● **The input**
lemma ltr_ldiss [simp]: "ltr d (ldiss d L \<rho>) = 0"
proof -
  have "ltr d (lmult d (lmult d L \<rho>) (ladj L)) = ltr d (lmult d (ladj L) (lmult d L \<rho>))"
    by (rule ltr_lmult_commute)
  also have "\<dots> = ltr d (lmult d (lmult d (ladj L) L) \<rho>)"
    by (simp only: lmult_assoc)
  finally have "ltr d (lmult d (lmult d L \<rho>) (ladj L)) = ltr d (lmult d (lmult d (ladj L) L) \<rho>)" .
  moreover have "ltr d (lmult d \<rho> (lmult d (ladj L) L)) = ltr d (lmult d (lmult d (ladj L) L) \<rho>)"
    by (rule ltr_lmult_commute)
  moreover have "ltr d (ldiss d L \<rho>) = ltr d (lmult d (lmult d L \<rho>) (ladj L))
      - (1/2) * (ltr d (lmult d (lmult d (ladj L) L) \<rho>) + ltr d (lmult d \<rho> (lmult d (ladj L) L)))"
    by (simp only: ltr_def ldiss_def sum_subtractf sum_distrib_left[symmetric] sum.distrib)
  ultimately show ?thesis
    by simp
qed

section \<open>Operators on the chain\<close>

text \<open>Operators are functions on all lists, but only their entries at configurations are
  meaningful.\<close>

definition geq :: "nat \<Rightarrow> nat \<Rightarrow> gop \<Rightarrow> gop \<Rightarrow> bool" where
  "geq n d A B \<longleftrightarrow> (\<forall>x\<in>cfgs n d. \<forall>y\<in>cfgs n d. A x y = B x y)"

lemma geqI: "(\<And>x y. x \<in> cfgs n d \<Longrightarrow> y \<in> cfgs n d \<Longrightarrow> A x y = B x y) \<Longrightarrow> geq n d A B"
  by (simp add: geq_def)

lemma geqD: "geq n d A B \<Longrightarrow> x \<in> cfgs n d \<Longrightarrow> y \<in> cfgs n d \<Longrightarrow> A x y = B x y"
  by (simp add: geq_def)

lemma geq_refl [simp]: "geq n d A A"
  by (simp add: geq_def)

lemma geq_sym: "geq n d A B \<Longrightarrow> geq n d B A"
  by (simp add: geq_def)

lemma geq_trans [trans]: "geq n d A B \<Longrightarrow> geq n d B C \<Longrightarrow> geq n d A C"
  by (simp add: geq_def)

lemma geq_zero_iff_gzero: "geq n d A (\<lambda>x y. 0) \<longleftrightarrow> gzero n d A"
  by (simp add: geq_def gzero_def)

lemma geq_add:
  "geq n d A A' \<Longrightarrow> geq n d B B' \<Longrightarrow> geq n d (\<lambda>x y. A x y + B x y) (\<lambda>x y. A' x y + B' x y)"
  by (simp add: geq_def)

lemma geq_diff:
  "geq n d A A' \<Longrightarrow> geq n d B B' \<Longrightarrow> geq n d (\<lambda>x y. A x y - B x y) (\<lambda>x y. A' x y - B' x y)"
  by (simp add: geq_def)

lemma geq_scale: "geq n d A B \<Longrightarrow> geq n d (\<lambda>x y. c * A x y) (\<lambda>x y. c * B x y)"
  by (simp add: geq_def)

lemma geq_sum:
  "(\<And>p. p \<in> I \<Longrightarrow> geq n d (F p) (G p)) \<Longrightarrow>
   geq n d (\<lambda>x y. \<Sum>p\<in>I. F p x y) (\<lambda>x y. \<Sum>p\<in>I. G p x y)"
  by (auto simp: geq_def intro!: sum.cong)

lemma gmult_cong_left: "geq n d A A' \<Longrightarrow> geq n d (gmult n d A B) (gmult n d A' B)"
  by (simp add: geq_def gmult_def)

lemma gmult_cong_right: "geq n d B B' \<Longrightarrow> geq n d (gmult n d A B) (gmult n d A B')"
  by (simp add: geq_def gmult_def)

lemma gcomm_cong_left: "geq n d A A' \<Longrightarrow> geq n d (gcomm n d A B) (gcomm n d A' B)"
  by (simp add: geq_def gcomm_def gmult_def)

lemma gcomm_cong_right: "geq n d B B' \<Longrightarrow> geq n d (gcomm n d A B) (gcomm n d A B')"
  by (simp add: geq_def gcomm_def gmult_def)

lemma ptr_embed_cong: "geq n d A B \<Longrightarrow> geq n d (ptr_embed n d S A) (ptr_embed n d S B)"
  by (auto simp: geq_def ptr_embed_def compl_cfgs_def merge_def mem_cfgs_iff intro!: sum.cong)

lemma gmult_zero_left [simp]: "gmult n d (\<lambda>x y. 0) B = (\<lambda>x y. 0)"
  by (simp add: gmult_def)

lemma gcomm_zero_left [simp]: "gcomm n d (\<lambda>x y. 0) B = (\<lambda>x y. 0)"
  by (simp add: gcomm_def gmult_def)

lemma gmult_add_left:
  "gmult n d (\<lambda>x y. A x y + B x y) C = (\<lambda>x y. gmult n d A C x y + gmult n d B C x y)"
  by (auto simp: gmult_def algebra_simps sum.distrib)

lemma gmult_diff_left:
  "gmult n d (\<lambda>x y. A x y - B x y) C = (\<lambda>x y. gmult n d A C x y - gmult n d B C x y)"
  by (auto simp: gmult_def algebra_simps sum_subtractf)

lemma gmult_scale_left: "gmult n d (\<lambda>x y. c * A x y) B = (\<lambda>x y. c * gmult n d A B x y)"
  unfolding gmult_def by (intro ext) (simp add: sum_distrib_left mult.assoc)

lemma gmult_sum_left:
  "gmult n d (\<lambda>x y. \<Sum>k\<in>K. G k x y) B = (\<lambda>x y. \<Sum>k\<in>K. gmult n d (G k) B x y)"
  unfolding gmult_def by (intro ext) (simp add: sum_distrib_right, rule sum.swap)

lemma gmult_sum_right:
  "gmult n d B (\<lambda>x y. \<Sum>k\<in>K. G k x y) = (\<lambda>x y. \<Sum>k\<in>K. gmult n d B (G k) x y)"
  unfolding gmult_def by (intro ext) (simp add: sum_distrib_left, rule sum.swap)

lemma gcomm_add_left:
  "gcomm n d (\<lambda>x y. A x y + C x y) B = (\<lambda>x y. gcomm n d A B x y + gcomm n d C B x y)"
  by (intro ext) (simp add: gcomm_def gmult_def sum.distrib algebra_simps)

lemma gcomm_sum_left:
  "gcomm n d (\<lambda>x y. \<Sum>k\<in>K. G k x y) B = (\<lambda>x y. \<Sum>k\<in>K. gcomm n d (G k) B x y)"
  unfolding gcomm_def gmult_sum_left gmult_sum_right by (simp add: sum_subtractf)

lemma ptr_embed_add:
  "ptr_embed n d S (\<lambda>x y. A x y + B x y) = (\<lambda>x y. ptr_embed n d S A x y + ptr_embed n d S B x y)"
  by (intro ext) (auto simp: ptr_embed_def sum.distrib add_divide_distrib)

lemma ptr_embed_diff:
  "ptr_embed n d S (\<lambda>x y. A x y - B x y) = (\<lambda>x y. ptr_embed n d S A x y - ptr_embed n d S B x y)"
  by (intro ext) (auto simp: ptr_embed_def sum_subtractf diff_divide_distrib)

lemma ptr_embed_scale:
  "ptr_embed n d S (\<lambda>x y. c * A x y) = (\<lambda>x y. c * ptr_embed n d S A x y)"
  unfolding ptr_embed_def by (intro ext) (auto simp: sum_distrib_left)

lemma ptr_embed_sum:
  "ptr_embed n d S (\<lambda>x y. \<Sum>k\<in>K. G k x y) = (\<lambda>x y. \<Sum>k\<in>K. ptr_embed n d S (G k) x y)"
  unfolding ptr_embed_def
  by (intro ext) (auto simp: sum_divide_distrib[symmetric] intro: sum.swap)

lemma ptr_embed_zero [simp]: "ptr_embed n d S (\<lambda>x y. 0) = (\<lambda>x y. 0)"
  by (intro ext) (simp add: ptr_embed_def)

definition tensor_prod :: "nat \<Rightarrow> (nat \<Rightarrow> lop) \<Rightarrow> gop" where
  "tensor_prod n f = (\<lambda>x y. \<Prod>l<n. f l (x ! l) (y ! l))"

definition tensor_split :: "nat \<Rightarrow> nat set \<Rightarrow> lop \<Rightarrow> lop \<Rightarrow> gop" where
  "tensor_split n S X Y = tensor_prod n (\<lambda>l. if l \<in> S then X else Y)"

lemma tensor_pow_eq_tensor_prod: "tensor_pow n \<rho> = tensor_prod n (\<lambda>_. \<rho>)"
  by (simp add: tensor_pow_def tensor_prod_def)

● **Task details**
What lines in the entries above include the string "rule"? Return each one.

● **Result of the exercise**
    by (rule ltr_lmult_commute)
    by (rule ltr_lmult_commute)
  unfolding gmult_def by (intro ext) (simp add: sum_distrib_right, rule sum.swap)
  unfolding gmult_def by (intro ext) (simp add: sum_distrib_left, rule sum.swap)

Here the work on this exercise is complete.